** Task objective **
All lines in the records below that hold "iterations" are to be shown.
=== Input material ===
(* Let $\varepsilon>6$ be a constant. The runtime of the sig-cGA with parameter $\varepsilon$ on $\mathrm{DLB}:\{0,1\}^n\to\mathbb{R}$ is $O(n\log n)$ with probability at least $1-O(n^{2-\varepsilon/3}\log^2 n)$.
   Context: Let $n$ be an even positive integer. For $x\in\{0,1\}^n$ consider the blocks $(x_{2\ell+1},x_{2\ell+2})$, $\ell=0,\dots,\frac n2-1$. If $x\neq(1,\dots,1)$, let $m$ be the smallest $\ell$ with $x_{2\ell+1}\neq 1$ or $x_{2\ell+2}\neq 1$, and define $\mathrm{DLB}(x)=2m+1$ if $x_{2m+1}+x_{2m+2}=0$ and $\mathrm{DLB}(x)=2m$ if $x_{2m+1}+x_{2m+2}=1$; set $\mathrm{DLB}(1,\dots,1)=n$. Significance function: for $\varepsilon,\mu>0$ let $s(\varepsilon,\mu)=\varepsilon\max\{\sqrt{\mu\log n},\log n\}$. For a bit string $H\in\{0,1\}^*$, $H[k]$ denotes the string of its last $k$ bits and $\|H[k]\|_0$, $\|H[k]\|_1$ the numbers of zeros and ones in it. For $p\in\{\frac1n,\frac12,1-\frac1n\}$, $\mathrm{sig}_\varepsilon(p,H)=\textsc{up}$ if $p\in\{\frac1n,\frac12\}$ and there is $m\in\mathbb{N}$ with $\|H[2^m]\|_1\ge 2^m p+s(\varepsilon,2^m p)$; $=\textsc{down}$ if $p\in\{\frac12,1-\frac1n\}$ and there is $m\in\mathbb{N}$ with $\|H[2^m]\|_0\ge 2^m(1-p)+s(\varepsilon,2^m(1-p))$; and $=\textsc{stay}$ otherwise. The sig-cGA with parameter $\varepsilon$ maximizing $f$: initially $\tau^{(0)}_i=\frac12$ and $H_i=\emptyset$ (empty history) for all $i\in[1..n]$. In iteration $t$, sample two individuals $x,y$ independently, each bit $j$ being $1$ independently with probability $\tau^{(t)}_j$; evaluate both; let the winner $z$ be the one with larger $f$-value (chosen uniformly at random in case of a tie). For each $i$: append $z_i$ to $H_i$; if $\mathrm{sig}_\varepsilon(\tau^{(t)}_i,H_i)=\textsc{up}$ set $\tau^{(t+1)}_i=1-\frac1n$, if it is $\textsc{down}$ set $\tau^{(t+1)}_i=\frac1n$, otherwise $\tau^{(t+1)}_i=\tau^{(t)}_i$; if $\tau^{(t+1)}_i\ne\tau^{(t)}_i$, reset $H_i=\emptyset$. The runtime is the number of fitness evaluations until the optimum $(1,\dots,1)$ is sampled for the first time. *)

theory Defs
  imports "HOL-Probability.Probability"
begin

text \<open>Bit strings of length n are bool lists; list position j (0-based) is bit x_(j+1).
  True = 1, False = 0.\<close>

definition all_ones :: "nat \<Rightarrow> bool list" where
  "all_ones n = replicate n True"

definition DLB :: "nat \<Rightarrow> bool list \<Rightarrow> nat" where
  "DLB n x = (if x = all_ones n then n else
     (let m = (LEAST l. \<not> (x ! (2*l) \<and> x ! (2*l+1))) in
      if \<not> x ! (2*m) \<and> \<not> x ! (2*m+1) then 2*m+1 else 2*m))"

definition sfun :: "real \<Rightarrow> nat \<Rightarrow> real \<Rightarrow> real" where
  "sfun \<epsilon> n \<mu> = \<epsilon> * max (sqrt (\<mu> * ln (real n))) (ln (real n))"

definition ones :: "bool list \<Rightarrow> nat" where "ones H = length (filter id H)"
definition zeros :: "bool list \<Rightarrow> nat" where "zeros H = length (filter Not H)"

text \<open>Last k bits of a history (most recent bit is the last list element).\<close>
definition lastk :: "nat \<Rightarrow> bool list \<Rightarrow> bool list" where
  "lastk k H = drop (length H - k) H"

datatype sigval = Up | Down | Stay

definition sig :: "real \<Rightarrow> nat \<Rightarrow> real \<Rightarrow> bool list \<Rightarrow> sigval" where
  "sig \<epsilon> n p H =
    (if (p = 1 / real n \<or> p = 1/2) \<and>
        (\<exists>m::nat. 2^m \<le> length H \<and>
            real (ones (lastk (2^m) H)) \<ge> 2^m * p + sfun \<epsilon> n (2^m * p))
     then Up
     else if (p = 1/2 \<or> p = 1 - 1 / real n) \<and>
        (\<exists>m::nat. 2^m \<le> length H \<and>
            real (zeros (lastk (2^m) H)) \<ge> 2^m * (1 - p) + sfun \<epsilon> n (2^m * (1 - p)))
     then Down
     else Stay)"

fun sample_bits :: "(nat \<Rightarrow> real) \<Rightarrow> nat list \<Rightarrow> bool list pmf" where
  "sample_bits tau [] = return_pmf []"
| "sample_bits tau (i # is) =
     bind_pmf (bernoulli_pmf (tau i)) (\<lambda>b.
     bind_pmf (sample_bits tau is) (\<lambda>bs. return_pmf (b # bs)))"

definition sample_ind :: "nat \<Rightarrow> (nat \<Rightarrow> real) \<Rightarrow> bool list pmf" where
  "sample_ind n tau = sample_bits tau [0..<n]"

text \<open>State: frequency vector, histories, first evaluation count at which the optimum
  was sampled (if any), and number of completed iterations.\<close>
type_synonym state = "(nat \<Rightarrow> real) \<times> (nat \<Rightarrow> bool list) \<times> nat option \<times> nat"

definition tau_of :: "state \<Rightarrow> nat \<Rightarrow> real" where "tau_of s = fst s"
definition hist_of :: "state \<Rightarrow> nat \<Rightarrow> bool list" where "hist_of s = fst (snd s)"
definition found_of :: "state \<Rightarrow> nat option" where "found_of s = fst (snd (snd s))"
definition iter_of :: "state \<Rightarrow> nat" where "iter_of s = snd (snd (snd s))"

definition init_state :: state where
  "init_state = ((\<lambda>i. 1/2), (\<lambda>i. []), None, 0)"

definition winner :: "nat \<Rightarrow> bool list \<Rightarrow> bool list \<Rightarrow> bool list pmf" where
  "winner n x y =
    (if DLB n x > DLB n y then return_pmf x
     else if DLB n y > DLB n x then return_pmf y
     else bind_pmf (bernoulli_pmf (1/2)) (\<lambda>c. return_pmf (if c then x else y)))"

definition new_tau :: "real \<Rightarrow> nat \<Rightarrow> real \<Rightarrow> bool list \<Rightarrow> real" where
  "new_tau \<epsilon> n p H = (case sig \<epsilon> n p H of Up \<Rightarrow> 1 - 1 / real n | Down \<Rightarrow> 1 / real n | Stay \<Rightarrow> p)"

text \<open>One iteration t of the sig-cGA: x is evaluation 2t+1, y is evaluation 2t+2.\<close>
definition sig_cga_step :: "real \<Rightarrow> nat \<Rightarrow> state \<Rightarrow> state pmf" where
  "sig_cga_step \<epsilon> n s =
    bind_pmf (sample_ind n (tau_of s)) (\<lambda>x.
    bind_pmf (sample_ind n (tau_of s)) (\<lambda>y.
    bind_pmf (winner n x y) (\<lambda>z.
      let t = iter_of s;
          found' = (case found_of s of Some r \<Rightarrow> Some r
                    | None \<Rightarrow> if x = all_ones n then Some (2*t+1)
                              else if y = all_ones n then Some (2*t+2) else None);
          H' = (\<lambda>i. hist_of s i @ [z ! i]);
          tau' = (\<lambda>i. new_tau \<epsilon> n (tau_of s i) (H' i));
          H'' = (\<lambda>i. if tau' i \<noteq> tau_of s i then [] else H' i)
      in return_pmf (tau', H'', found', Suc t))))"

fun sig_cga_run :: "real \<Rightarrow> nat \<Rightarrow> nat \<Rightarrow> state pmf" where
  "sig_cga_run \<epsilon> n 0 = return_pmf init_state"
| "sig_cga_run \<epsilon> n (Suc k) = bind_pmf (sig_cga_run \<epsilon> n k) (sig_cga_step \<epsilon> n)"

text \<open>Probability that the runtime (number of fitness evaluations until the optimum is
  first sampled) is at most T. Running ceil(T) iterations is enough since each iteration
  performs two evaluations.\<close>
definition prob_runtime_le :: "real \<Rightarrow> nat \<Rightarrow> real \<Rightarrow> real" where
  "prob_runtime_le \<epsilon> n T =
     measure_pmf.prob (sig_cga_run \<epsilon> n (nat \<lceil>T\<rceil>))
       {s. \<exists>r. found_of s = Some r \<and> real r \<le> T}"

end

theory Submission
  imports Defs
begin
===
=== Input material ===
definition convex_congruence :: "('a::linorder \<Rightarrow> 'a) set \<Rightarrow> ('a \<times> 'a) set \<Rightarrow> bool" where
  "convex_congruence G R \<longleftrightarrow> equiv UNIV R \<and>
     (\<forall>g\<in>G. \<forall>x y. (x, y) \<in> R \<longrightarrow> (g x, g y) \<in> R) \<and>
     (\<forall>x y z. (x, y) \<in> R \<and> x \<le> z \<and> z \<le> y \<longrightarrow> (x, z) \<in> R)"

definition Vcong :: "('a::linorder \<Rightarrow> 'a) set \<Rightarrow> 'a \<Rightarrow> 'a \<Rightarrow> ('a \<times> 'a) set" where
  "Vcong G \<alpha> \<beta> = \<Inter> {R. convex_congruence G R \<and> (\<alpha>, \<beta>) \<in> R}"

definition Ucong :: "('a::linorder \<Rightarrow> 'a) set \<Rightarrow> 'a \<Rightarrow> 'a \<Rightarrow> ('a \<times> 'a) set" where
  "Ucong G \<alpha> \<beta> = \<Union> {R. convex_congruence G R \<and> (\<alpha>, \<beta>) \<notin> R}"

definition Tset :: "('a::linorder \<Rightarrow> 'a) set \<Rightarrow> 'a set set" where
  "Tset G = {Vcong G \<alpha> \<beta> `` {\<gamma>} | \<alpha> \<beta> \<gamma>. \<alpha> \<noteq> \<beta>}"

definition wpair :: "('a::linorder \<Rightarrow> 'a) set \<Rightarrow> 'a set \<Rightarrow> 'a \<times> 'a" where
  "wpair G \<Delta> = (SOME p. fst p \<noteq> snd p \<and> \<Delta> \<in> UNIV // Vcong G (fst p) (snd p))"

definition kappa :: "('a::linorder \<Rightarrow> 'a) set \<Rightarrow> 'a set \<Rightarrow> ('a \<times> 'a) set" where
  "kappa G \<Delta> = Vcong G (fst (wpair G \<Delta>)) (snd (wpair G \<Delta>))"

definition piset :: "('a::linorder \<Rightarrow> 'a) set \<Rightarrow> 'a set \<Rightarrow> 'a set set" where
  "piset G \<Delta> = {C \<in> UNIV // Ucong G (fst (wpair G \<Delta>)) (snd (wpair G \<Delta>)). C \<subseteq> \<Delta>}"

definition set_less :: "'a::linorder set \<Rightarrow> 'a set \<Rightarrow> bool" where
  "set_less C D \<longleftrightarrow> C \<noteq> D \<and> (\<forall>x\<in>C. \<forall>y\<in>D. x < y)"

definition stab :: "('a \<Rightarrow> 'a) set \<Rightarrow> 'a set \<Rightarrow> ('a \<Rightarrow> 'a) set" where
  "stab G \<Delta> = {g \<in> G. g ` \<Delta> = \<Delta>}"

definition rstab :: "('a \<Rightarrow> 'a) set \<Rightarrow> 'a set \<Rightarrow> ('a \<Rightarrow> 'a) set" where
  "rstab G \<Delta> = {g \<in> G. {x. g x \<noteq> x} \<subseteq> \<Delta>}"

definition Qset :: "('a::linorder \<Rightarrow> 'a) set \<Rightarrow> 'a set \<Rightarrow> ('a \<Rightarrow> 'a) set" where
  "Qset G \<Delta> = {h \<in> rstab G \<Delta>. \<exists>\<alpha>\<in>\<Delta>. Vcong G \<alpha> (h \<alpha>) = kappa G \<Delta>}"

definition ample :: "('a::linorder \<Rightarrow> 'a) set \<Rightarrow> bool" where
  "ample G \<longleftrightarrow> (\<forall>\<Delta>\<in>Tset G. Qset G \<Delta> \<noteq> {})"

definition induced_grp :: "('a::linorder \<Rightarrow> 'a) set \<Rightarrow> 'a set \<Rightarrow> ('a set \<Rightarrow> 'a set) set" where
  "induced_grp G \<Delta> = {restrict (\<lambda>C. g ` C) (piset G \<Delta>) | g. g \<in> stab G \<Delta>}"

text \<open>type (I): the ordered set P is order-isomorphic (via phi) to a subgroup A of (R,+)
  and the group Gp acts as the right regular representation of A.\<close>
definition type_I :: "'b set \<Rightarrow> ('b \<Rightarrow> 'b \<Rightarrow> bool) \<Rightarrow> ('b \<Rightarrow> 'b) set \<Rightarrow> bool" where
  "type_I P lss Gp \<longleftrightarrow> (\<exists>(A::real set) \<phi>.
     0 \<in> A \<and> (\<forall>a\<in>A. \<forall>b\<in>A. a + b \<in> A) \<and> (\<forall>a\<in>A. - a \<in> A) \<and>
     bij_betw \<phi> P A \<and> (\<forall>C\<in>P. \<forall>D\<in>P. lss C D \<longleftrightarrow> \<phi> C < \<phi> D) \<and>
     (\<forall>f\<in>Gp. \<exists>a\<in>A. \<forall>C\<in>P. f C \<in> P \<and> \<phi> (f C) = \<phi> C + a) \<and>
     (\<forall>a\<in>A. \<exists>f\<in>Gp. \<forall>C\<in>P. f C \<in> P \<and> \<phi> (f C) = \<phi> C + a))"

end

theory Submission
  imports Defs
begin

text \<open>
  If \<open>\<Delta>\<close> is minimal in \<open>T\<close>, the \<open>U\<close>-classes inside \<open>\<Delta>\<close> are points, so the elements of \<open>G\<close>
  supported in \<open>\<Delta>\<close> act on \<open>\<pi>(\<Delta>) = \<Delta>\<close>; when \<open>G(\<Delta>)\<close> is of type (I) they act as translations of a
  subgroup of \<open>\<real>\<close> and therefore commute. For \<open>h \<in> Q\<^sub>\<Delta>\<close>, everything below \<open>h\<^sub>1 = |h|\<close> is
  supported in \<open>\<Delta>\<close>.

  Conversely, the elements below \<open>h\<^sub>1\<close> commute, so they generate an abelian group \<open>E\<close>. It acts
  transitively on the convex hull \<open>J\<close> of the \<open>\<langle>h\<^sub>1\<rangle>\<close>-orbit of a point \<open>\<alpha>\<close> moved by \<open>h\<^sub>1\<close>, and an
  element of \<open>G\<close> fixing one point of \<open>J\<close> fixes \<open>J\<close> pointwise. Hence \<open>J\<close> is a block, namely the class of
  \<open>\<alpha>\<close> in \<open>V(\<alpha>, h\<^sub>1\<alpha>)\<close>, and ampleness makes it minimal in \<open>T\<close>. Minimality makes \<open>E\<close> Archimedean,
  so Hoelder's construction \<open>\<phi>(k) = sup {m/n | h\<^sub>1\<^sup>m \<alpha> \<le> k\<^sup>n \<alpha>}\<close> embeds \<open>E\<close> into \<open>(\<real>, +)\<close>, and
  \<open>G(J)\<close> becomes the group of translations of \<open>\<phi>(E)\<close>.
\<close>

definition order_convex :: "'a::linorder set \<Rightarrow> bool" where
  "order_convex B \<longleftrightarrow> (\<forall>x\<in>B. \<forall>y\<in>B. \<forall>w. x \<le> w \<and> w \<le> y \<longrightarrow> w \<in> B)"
===
** Task response **
  was sampled (if any), and number of completed iterations.\<close>
  first sampled) is at most T. Running ceil(T) iterations is enough since each iteration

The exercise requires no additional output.